Essay from J.D. DeHart

J.D. DeHart

Magical Realism, Tough Issues, and the Graphic Novel Form

In this brief essay, I would like to share about two books that have recently been published that struck my interest. I love how, in the middle of a perfectly mundane narrative that initially feels like a typical text, creative authors and artists interject unexpected characters and moments to take the story to new places.

One example of this is the graphic novel, Lizard in a Zoot Suit, written and illustrated by Marco Finnegan (Graphic Universe, 2020). The book is set to be released May 5 in the United States and features a canary yellow motif that carries through its panels. The story is set in the early 1940s and brings the sense of place to the read, in part by the way characters are depicted, but also in part by the way language takes shape around ethnicity. This includes what the author calls “animosity toward Mexican Americans,” (p. 137). In the midst of this racial tension, a character enters the scene who serves as a kind of help or guide.

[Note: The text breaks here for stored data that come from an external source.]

text \<open>The inverse \<open>\<tau>_a^b \<mapsto> [x,a,b]\<close> (resp. \<open>\<sigma>^a_b \<mapsto> [a,b,x]\<close>), evaluated on a representation
  \<open>\<Sum> l \<tau>_a^b\<close> (resp. \<open>\<Sum> l \<sigma>^a_b\<close>).\<close>

definition rcomb_preimage :: "('k \<times> ('b \<Rightarrow>\<^sub>0 'k) \<times> ('b \<Rightarrow>\<^sub>0 'k)) list \<Rightarrow> ('b \<Rightarrow>\<^sub>0 'k)" where
  "rcomb_preimage ps = (\<Sum>(l, a, b)\<leftarrow>ps. smult l (br \<chi> x a b))"

definition lcomb_preimage :: "('k \<times> ('b \<Rightarrow>\<^sub>0 'k) \<times> ('b \<Rightarrow>\<^sub>0 'k)) list \<Rightarrow> ('b \<Rightarrow>\<^sub>0 'k)" where
  "lcomb_preimage ps = (\<Sum>(l, a, b)\<leftarrow>ps. smult l (br \<chi> a b x))"

lemma rtr_point_bracket: "rtr \<chi> x (br \<chi> x a b) = rtr \<chi> a b"
  by (auto simp: rtr_def bracket_cancel_point)

lemma rcomb_eq_rtr_point: "rcomb \<chi> ps = rtr \<chi> x (rcomb_preimage ps)"
  by (auto simp: rcomb_def rcomb_preimage_def rtr_def
      fs_linear_map_sum_list[OF fs_linear_br_right[OF fs_linear_id]] bracket_cancel_point)

lemma lcomb_eq_ltr_point: "lcomb \<chi> ps = ltr \<chi> (lcomb_preimage ps) x"
  by (auto simp: lcomb_def lcomb_preimage_def ltr_def
      fs_linear_map_sum_list[OF fs_linear_br_left[OF fs_linear_id]] bracket_assoc bracket_point_point_left)

lemma inj_rtr_point: "inj (\<lambda>a. rtr \<chi> x a)"
  by (rule injI) (metis rtr_def bracket_point_point_left)

lemma inj_ltr_point: "inj (\<lambda>a. ltr \<chi> a x)"
  by (rule injI) (metis ltr_def bracket_point_point_right)

lemma rcomb_preimage_unique: "rcomb \<chi> ps = rtr \<chi> x a \<Longrightarrow> a = rcomb_preimage ps"
  using inj_rtr_point by (auto simp: rcomb_eq_rtr_point dest: injD)
(* The metric space X is the whole (nonempty) type 'a. *)

definition geodesic_space :: "'a::metric_space itself \<Rightarrow> bool" where
  "geodesic_space _ \<longleftrightarrow>
     (\<forall>x y::'a. \<exists>g::real \<Rightarrow> 'a. g 0 = x \<and> g (dist x y) = y \<and>
        (\<forall>s\<in>{0..dist x y}. \<forall>t\<in>{0..dist x y}. dist (g s) (g t) = \<bar>s - t\<bar>))"

definition partition_sums :: "(real \<Rightarrow> 'a::metric_space) \<Rightarrow> real \<Rightarrow> real \<Rightarrow> real set" where
  "partition_sums \<alpha> s t =
     {(\<Sum>i<n. dist (\<alpha> (p i)) (\<alpha> (p (Suc i)))) | n p.
        p 0 = s \<and> p n = t \<and> (\<forall>i<n. p i \<le> p (Suc i))}"

definition rectifiable_on :: "(real \<Rightarrow> 'a::metric_space) \<Rightarrow> real \<Rightarrow> real \<Rightarrow> bool" where
  "rectifiable_on \<alpha> a b \<longleftrightarrow> bdd_above (partition_sums \<alpha> a b)"

definition path_length :: "(real \<Rightarrow> 'a::metric_space) \<Rightarrow> real \<Rightarrow> real \<Rightarrow> real" where
  "path_length \<alpha> s t = Sup (partition_sums \<alpha> s t)"

definition is_path :: "real \<times> real \<times> (real \<Rightarrow> 'a::metric_space) \<Rightarrow> bool" where
  "is_path \<gamma> \<longleftrightarrow> (case \<gamma> of (a, b, \<alpha>) \<Rightarrow>
     a \<le> b \<and> continuous_on {a..b} \<alpha> \<and> rectifiable_on \<alpha> a b \<and>
     (\<forall>s t. a \<le> s \<and> s \<le> t \<and> t \<le> b \<longrightarrow> path_length \<alpha> s t = t - s))"
(* Consider the event-triggered distributed estimator described in the context, and suppose: (i) the communication graph is connected, i.e. $\lambda_2(\mathcal{L})>0$; (ii) $G=\sum_{i=1}^N H_i^TH_i$ is full rank; (iii) the step sizes are $\alpha(t)=\frac{a}{(t+1)^{\tau_1}}$ and $\beta(t)=\frac{b}{(t+1)^{\tau_2}}$ with $a,b>0$, $0<\tau_2\le\tau_1\le 1$, and $\tau_1>\max\{\tau_2+\frac{1}{2+\epsilon_1},0.5\}$, where $\epsilon_1>0$ is such that $\mathbb{E}\{\|V(t)\|^{2+\epsilon_1}\}<\infty$. Let $\rho_0=\min_{j\in\mathcal{V}}\rho_j$. If $\rho_0>\tau_1-\tau_2$, then for every agent $i\in\mathcal{V}$ the estimate sequence is asymptotically unbiased: $\lim_{t\to\infty}\mathbb{E}\{x_i(t)\}=\theta$.
   Context: An unknown parameter $\theta\in\mathbb{R}^n$ is observed by $N$ agents $\mathcal{V}=\{1,\dots,N\}$ via $y_i(t)=H_i\theta+v_i(t)$, $t=0,1,2,\dots$, where $H_i\in\mathbb{R}^{m_i\times n}$ is known and the noise $v_i(t)\in\mathbb{R}^{m_i}$ is zero mean with covariance $R_i$. The stacked noise $V(t)=[v_1(t)^T,\dots,v_N(t)^T]^T$ is i.i.d. over time (noises of different agents at the same time may be correlated). Agents communicate over an undirected graph without self-loops with adjacency matrix $\mathcal{A}=[a_{ij}]\in\{0,1\}^{N\times N}$, neighbor sets $\mathcal{N}_i=\{j: a_{ij}=1\}$, degree matrix $\mathcal{D}$ and Laplacian $\mathcal{L}=\mathcal{D}-\mathcal{A}$. Each agent $i$ has a threshold exponent $\rho_i>0$. Agent $i$ keeps an estimate $x_i(t)\in\mathbb{R}^n$ (arbitrary deterministic initial value $x_i(0)$, which is the first transmitted value). Let $t_k^i$ be the latest triggering (transmission) time of agent $i$. At time $t$, agent $i$ triggers (broadcasts $x_i(t)$ to its neighbors, which then becomes its latest transmitted value) iff $\|x_i(t)-x_i(t_k^i)\|>\frac{1}{(t+1)^{\rho_i}}$. Denoting by $x_j(t_k^j)$ the latest value transmitted by agent $j$ up to and including time $t$, the estimator is $x_i(t+1)=x_i(t)+\alpha(t)H_i^T\big(y_i(t)-H_ix_i(t)\big)+\beta(t)\sum_{j\in\mathcal{N}_i}\big(x_j(t_k^j)-x_i(t)\big)$. *)

theory Defs
  imports "HOL-Analysis.Analysis" "HOL-Probability.Probability"
begin
text \<open>Layer cake: \<open>min (h t) v\<close> is the length of \<open>{w \<in> (0,v). w < h t}\<close>; Tonelli swaps the order.\<close>
lemma nn_integral_min_eq_nn_integral_superlevel_measure:
  assumes v: "0 \<le> v"
  shows "(\<integral>\<^sup>+t. ennreal (indicator {0<..<1} t * min (h t) v) \<partial>lborel)
       = (\<integral>\<^sup>+w. ennreal (indicator {0<..<v} w * superlevel_measure h w) \<partial>lborel)"
proof -
  define H where "H t = (if t \<in> {0<..<1} then h t else 0)" for t
  have [measurable]: "H \<in> borel_measurable borel" unfolding H_def by (rule restricted_borel_measurable)
  define F where "F = (\<lambda>(t::real, w::real).
    (indicator {0<..<1} t * indicator {0<..<v} w * indicator {w'. w' < H t} w :: ennreal))"
  have "F \<in> borel_measurable (lborel \<Otimes>\<^sub>M lborel)"
  proof -
    have "Measurable.pred (lborel \<Otimes>\<^sub>M lborel) (\<lambda>x::real \<times> real. snd x < H (fst x))"
      by measurable
    then show ?thesis unfolding F_def by (auto simp: indicator_def split_beta')
  qed
  then have Tonelli: "(\<integral>\<^sup>+w. (\<integral>\<^sup>+t. F (t, w) \<partial>lborel) \<partial>lborel) = (\<integral>\<^sup>+t. (\<integral>\<^sup>+w. F (t, w) \<partial>lborel) \<partial>lborel)"
    by (rule lborel_pair.Fubini)
  have "(\<integral>\<^sup>+w. F (t, w) \<partial>lborel) = ennreal (indicator {0<..<1} t * min (h t) v)" for t
  proof -
    have "(\<integral>\<^sup>+w. F (t, w) \<partial>lborel)
        = (\<integral>\<^sup>+w. indicator {0<..<1} t * indicator {0<..<min v (H t)} w \<partial>lborel)"
      by (intro nn_integral_cong) (auto simp: F_def indicator_def)
    also have "\<dots> = indicator {0<..<1} t * ennreal (min v (H t))"
      using value_bounds[of t] v by (subst nn_integral_cmult) (auto simp: H_def)
    finally show ?thesis by (simp add: H_def indicator_def min.commute)
  qed
  moreover have "(\<integral>\<^sup>+t. F (t, w) \<partial>lborel) = ennreal (indicator {0<..<v} w * superlevel_measure h w)" for w
  proof -
    have "(\<integral>\<^sup>+t. F (t, w) \<partial>lborel)
        = (\<integral>\<^sup>+t. indicator {0<..<v} w * indicator {t\<in>{0<..<1}. w < h t} t \<partial>lborel)"
      by (intro nn_integral_cong) (auto simp: F_def H_def indicator_def)
    also have "\<dots> = indicator {0<..<v} w * emeasure lborel {t\<in>{0<..<1}. w < h t}"
      using superlevel_set_measurable[of w] by (subst nn_integral_cmult) auto
    also have "emeasure lborel {t\<in>{0<..<1}. w < h t} = ennreal (superlevel_measure h w)"
      unfolding superlevel_measure_def
      by (intro emeasure_eq_measure2 fmeasurable_subset_unit_interval superlevel_set_measurable) auto
    finally show ?thesis by (simp add: indicator_def)
  qed
  ultimately show ?thesis using Tonelli by simp
qed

Of course, given the title of the graphic novel, that character happens to be a lizard, who is often drawn in a zoot suit. The fanciful addition to the story helps the author take on a critical topic and do so in way that is illustrative and unexpected.

Working in a similar yet different fashion, artist and author David Jesus Vignolli has recently published the book New World (Archaia, 2019). The color scheme of this book begins in a style that almost resembles parchment and alludes to a historic time period and realistic figures. When a character encounters the new world, we see it blazing in green in his eyes in a series of panels that close in like camera frames.

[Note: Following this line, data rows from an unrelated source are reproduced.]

theorem proposition1:
  fixes C :: "'c set" and V :: "'c \<Rightarrow> 'v set" and Itp :: "'i set"
    and Dom :: "'i \<Rightarrow> 'd set" and Sol :: "'i \<Rightarrow> 'c \<Rightarrow> ('v \<Rightarrow> 'd) set"
    and ar :: "'r \<Rightarrow> nat" and P :: "('r, 'v, 'c) qclause set"
    and \<phi> :: 'c and G :: "('r \<times> 'v list) \<times> 'c" and v :: real
  assumes "constraint_language C V Itp Dom Sol"
    and "qdc_spec C ar P"
    and "\<phi> \<in> C"
    and "is_atom ar (fst G)" and "snd G \<in> C"
  shows "logical_consequence Itp Dom Sol ar P \<phi> v G \<longleftrightarrow>
    (\<forall>i \<mu>. is_minimal_model Itp Dom Sol ar P i \<mu> \<longrightarrow> models_goal_formula Dom Sol i \<mu> \<phi> v G)"
proof
  assume "logical_consequence Itp Dom Sol ar P \<phi> v G"
  then show "\<forall>i \<mu>. is_minimal_model Itp Dom Sol ar P i \<mu> \<longrightarrow> models_goal_formula Dom Sol i \<mu> \<phi> v G"
    unfolding logical_consequence_def is_minimal_model_def by blast
next
  assume minimal: "\<forall>i \<mu>. is_minimal_model Itp Dom Sol ar P i \<mu> \<longrightarrow> models_goal_formula Dom Sol i \<mu> \<phi> v G"
  obtain r xs \<psi> where G: "G = ((r, xs), \<psi>)" by (metis prod.collapse)
  show "logical_consequence Itp Dom Sol ar P \<phi> v G"
    unfolding logical_consequence_def
  proof (intro ballI allI impI)
    fix i \<mu> assume "i \<in> Itp" and model: "ext_interp Dom ar i \<mu> \<and> is_model Dom Sol i \<mu> P"
    obtain \<mu>0 where \<mu>0: "is_minimal_model Itp Dom Sol ar P i \<mu>0"
      using minimal_model_exists[OF assms(2) \<open>i \<in> Itp\<close>] by blast
    then have "interp_le TYPE('v) Dom ar i \<mu>0 \<mu>"
      using model unfolding is_minimal_model_def by blast
    then show "models_goal_formula Dom Sol i \<mu> \<phi> v G"
      using minimal \<mu>0 assms(4) unfolding G by (auto intro: models_goal_formula_mono)
  qed
qed

end
lemma prob_cpd_argmax_far:
  fixes Q0 Q1 :: "'a::finite pmf" and khat :: "(nat \<Rightarrow> 'a) \<Rightarrow> nat"
  assumes pos: "\<And>y. pmf Q0 y > 0" "\<And>y. pmf Q1 y > 0"
    and kstar: "1 \<le> kstar" "kstar \<le> n"
    and khat: "\<And>y. khat y \<in> {1..n} \<and>
                  (\<forall>k\<in>{1..n}. (\<Sum>i=k..n. llr Q0 Q1 (y i)) \<le> (\<Sum>i=khat y..n. llr Q0 Q1 (y i)))"
    and osc: "\<And>y y'. llr Q0 Q1 y - llr Q0 Q1 y' \<le> s"
  shows "measure_pmf.prob (Pi_pmf {1..n} d (\<lambda>i. if i < kstar then Q0 else Q1))
           {y. khat y \<notin> {kstar - \<alpha>..kstar + \<alpha>}}
         \<le> 2 * min (exp (- 2 * real (Suc \<alpha>) * (2 * (tv_dist Q0 Q1)\<^sup>2)\<^sup>2 / s\<^sup>2))
                   ((1 - (tv_dist Q0 Q1)\<^sup>2) powr (real (Suc \<alpha>) / 2))"
    (is "measure_pmf.prob ?D ?far \<le> 2 * min ?hoeffding ?bhattacharyya")
proof -
  define R where "R = walk_hits_nonpos [kstar..<Suc n] (llr Q0 Q1) (Suc \<alpha>)"
  define L where "L = walk_hits_nonpos (rev [1..<kstar]) (llr Q1 Q0) (Suc \<alpha>)"
  have swap: "(\<lambda>v. - llr Q0 Q1 v) = llr Q1 Q0"
    using llr_swap[OF pos] by (simp add: fun_eq_iff)
  have right: "set [kstar..<Suc n] \<subseteq> {1..n}" "\<forall>i\<in>set [kstar..<Suc n]. (if i < kstar then Q0 else Q1) = Q1"
    using kstar by auto
  have left: "set (rev [1..<kstar]) \<subseteq> {1..n}" "\<forall>i\<in>set (rev [1..<kstar]). (if i < kstar then Q0 else Q1) = Q0"
    using kstar by auto
  have osc': "llr Q1 Q0 y - llr Q1 Q0 y' \<le> s" for y y'
    using osc[of y' y] by (simp flip: swap)
  have "?far \<subseteq> R \<union> L"
  proof
    fix y assume "y \<in> ?far"
    with khat[of y] kstar show "y \<in> R \<union> L"
      unfolding R_def L_def swap[symmetric] by (intro argmax_far_from_change_point) auto
  qed
  then have "measure_pmf.prob ?D ?far \<le> measure_pmf.prob ?D (R \<union> L)"
    by (rule measure_pmf.finite_measure_mono) simp
  also have "\<dots> \<le> measure_pmf.prob ?D R + measure_pmf.prob ?D L"
    by (rule measure_Un_le) simp_all
  finally have "measure_pmf.prob ?D ?far \<le> measure_pmf.prob ?D R + measure_pmf.prob ?D L" .
  moreover have "measure_pmf.prob ?D R \<le> ?hoeffding" "measure_pmf.prob ?D R \<le> ?bhattacharyya"
    unfolding R_def tv_dist_commute[of Q0 Q1]
    by (rule prob_llr_walk_hits_nonpos_pinsker[OF _ _ right pos(2,1) osc]
             prob_llr_walk_hits_nonpos_bhattacharyya[OF _ _ right pos(2,1)]; simp)+
  moreover have "measure_pmf.prob ?D L \<le> ?hoeffding" "measure_pmf.prob ?D L \<le> ?bhattacharyya"
    unfolding L_def
    by (rule prob_llr_walk_hits_nonpos_pinsker[OF _ _ left pos osc']
             prob_llr_walk_hits_nonpos_bhattacharyya[OF _ _ left pos]; simp)+
  ultimately show ?thesis by (auto simp: min_def)
qed

section \<open>Contraction of log-likelihood ratios under randomized response\<close>

lemma llr_bind_rr:
  "llr (bind_pmf P0 (rr \<epsilon>)) (bind_pmf P1 (rr \<epsilon>)) y
     = ln ((1 + (exp \<epsilon> - 1) * pmf P1 y) / (1 + (exp \<epsilon> - 1) * pmf P0 y))"
  using rr_normalizer_pos[of \<epsilon>, where 'a='a] by (simp add: llr_def pmf_bind_rr_eq)

lemma tanh_half: "tanh (x / 2 :: real) = (exp x - 1) / (exp x + 1)"
proof -
  have "exp x + 1 > 0" "exp x + exp x * exp x > 0" by (simp_all add: add_pos_pos)
  then show ?thesis by (simp add: tanh_real_altdef exp_minus divide_simps)
qed

lemma abs_ln_rr_ratio_le:
  fixes a0 a1 E :: real
  assumes E: "E \<ge> 1" and a: "a0 \<in> {0..1}" "a1 \<in> {0..1}"
  shows "\<bar>ln ((1 + (E - 1) * a1) / (1 + (E - 1) * a0))\<bar> \<le> ln E"
proof -
  have bounds: "0 < 1 + (E - 1) * a \<and> ln (1 + (E - 1) * a) \<in> {0..ln E}" if "a \<in> {0..1}" for a
  proof -
    have "1 \<le> 1 + (E - 1) * a" "1 + (E - 1) * a \<le> E"
      using that E mult_left_mono[of a 1 "E - 1"] by auto
    then show ?thesis by auto
  qed
  from bounds[OF a(1)] bounds[OF a(2)] show ?thesis
    by (auto simp: ln_div abs_le_iff)
qed

lemma rr_ratio_upper:
  fixes a0 a1 c m M :: real
  assumes "c \<ge> 0" "m \<le> 1" "1 \<le> M" "m < M" "a0 \<ge> 0"
    and "a1 \<le> M * a0" "a1 - m * a0 \<le> 1 - m"
  defines "al \<equiv> (1 - m) / (M - m)"
  shows "(1 + c * a1) / (1 + c * a0) \<le> (1 + c * M * al) / (1 + c * al)"
proof -
  have "al \<ge> 0" using assms by (simp add: al_def)
  have "(M - m) * (a1 - a0) = (M - 1) * (a1 - m * a0) + (1 - m) * (a1 - M * a0)"
    by (simp add: algebra_simps)
  moreover have "(M - 1) * (a1 - m * a0) \<le> (M - 1) * (1 - m)"
    using assms by (intro mult_left_mono) auto
  moreover have "(1 - m) * (a1 - M * a0) \<le> 0"
    using assms by (intro mult_nonneg_nonpos) auto
  moreover have "(M - m) * (al * (M - 1)) = (M - 1) * (1 - m)"
    using \<open>m < M\<close> by (simp add: al_def)
  ultimately have "(M - m) * (a1 - a0) \<le> (M - m) * (al * (M - 1))" by linarith
  then have "0 \<le> c * (al * (M - 1) - (a1 - a0))"
    using \<open>m < M\<close> \<open>c \<ge> 0\<close> by simp
  moreover have "0 \<le> c * (c * al * (M * a0 - a1))"
    using assms \<open>al \<ge> 0\<close> by simp
  moreover have "(1 + c * M * al) * (1 + c * a0) - (1 + c * a1) * (1 + c * al)
      = c * (al * (M - 1) - (a1 - a0)) + c * (c * al * (M * a0 - a1))"
    by (simp add: algebra_simps)
  ultimately have "(1 + c * a1) * (1 + c * al) \<le> (1 + c * M * al) * (1 + c * a0)"
    by linarith
  moreover have "1 + c * a0 > 0" "1 + c * al > 0"
    using assms \<open>al \<ge> 0\<close> by (simp_all add: add_pos_nonneg)
  ultimately show ?thesis
    by (simp add: divide_le_eq le_divide_eq mult.commute)
qed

By the time we reach the next page, the colors of this new world have exploded in a rich spread and soon enough we realize that, though the themes of captivity and imperialism are present in the book, the inclusion of elements like a giant parrot which the characters can ride on lends a fanciful sense to the text.

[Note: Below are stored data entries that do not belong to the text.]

(* Let $I\subset\mathbb{R}$ be an open interval and let $x+iy:I\to\mathbb{C}$ be a smooth immersion. Give $\mathbb{C}^2$ its flat metric. (a) Let $\lambda\neq0,1$ be real. The Levi-flat hypersurface $\{(e^{w+x(r)+iy(r)},\ e^{\lambda w}): w\in\mathbb{C},\ r\in I\}\subset\mathbb{C}^2$ is minimal if and only if $y$ is constant on $I$. (b) Let $\lambda\neq0$ be real. The Levi-flat hypersurface $\{(w+x(r)+iy(r),\ e^{\lambda w}): w\in\mathbb{C},\ r\in I\}\subset\mathbb{C}^2$ is minimal if and only if $y$ is constant on $I$. In particular, $\{(z_1,z_2)\in\mathbb{C}^2:\operatorname{Im}(z_2e^{-z_1})=0\}$ is a closed embedded minimal Levi-flat hypersurface.
   Context: A real hypersurface is minimal if its mean curvature vanishes. *)

theory Defs
  imports "HOL-Analysis.Analysis"
begin

definition smooth_on :: "real set \<Rightarrow> (real \<Rightarrow> real) \<Rightarrow> bool" where
  "smooth_on I f \<longleftrightarrow> (\<forall>n. \<forall>t\<in>I. ((deriv ^^ n) f) differentiable (at t))"

text \<open>Partial derivative of a map of three real parameters (coordinates of real^3)
  into C^2 = complex \<times> complex, which carries its flat (Euclidean) metric.\<close>
definition partial :: "(real^3 \<Rightarrow> 'b::real_normed_vector) \<Rightarrow> 3 \<Rightarrow> real^3 \<Rightarrow> 'b" where
  "partial F i p = frechet_derivative F (at p) (axis i 1)"

definition metric3 :: "(real^3 \<Rightarrow> complex \<times> complex) \<Rightarrow> real^3 \<Rightarrow> real^3^3" where
  "metric3 F p = (\<chi> i j. inner (partial F i p) (partial F j p))"

text \<open>The vector sum g^ij F_ij; its normal component is the mean curvature vector.\<close>
definition laplace_vec :: "(real^3 \<Rightarrow> complex \<times> complex) \<Rightarrow> real^3 \<Rightarrow> complex \<times> complex" where
  "laplace_vec F p =
     (\<Sum>i\<in>UNIV. \<Sum>j\<in>UNIV. (matrix_inv (metric3 F p) $ i $ j) *\<^sub>R partial (partial F j) i p)"

definition immersion3 :: "(real^3) set \<Rightarrow> (real^3 \<Rightarrow> complex \<times> complex) \<Rightarrow> bool" where
  "immersion3 U F \<longleftrightarrow> (\<forall>p\<in>U. F differentiable (at p) \<and> inj (frechet_derivative F (at p)))"

definition minimal_hypersurface :: "(real^3) set \<Rightarrow> (real^3 \<Rightarrow> complex \<times> complex) \<Rightarrow> bool" where
  "minimal_hypersurface U F \<longleftrightarrow>
     (\<forall>p\<in>U. \<forall>\<nu>. (\<forall>i. inner \<nu> (partial F i p) = 0) \<longrightarrow> inner \<nu> (laplace_vec F p) = 0)"

text \<open>Parameter w = u + iv with u = p$1, v = p$2, and r = p$3.\<close>
definition wpar :: "real^3 \<Rightarrow> complex" where
  "wpar p = Complex (p$1) (p$2)"

definition hyp_a :: "real \<Rightarrow> (real \<Rightarrow> real) \<Rightarrow> (real \<Rightarrow> real) \<Rightarrow> real^3 \<Rightarrow> complex \<times> complex" where
  "hyp_a lam x y p = (exp (wpar p + Complex (x (p$3)) (y (p$3))), exp (of_real lam * wpar p))"

definition hyp_b :: "real \<Rightarrow> (real \<Rightarrow> real) \<Rightarrow> (real \<Rightarrow> real) \<Rightarrow> real^3 \<Rightarrow> complex \<times> complex" where
  "hyp_b lam x y p = (wpar p + Complex (x (p$3)) (y (p$3)), exp (of_real lam * wpar p))"

text \<open>Parametrization of {Im(z2 e^(-z1)) = 0}: (w, r) \<mapsto> (w, r e^w).\<close>
definition hyp_c :: "real^3 \<Rightarrow> complex \<times> complex" where
  "hyp_c p = (wpar p, of_real (p$3) * exp (wpar p))"

end

theory Submission
  imports Defs
begin

(*
  Each hypersurface is parametrized as F(w, r) with F holomorphic in w = u + iv, so that
  dF = A dw + B dr with A, B in C^2.  In the frame (A, iA, B) the induced metric only involves
  |A|^2, |B|^2 and the Hermitian product <A, B>; by Lagrange's identity its determinant is
  |A|^2 |A x B|^2, where A x B = A_1 B_2 - A_2 B_1, and the normal line is spanned by
  i (A x B) (-conj A_2, conj A_1).  Hence minimality is the single real equation
  Im ((A x B) conj (A x M)) = 0 for an explicit combination M of the second derivatives of F.

  Parts (a) and (b) are the cases g = exp and g = id of the family (g(w + x + iy), exp(lam w))
  with g'(z) = exp(kappa z), kappa = 1 resp. 0.  Writing P = |g'|^2 and Q = |lam exp(lam w)|^2,
  the equation becomes m (lam P^2 - kappa Q^2) + (P + Q)^2 k = 0 with m = (x'^2 + y'^2) y' and
  k = y' x'' - x' y''.  As Re w varies, t = P/Q runs through infinitely many values because
  lam <> kappa, so the quadratic (lam m + k) t^2 + 2 k t + (k - kappa m) in t vanishes
  identically; this forces m = 0, i.e. y' = 0.  For (w, r e^w) the equation holds identically.
*)

section \<open>Hermitian algebra on C^2\<close>

definition cscale :: "complex \<Rightarrow> complex \<times> complex \<Rightarrow> complex \<times> complex" where
  "cscale c z = (c * fst z, c * snd z)"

Ironically, both of these books take on issues of tension and racial oppression, and do so in a way that invites elements that open the reader up to the central message of depicting a history of ill treatment of groups of people. What is accomplished with the inclusion of magical realism does not, at least for me, deaden that message, but rather seems to say:

See what a world this is? See how people have treated one another, and continue to treat one another? This world is different, but it is also our own.

It’s a message that I appreciate in this visual medium, and it is both textually and ethically compelling.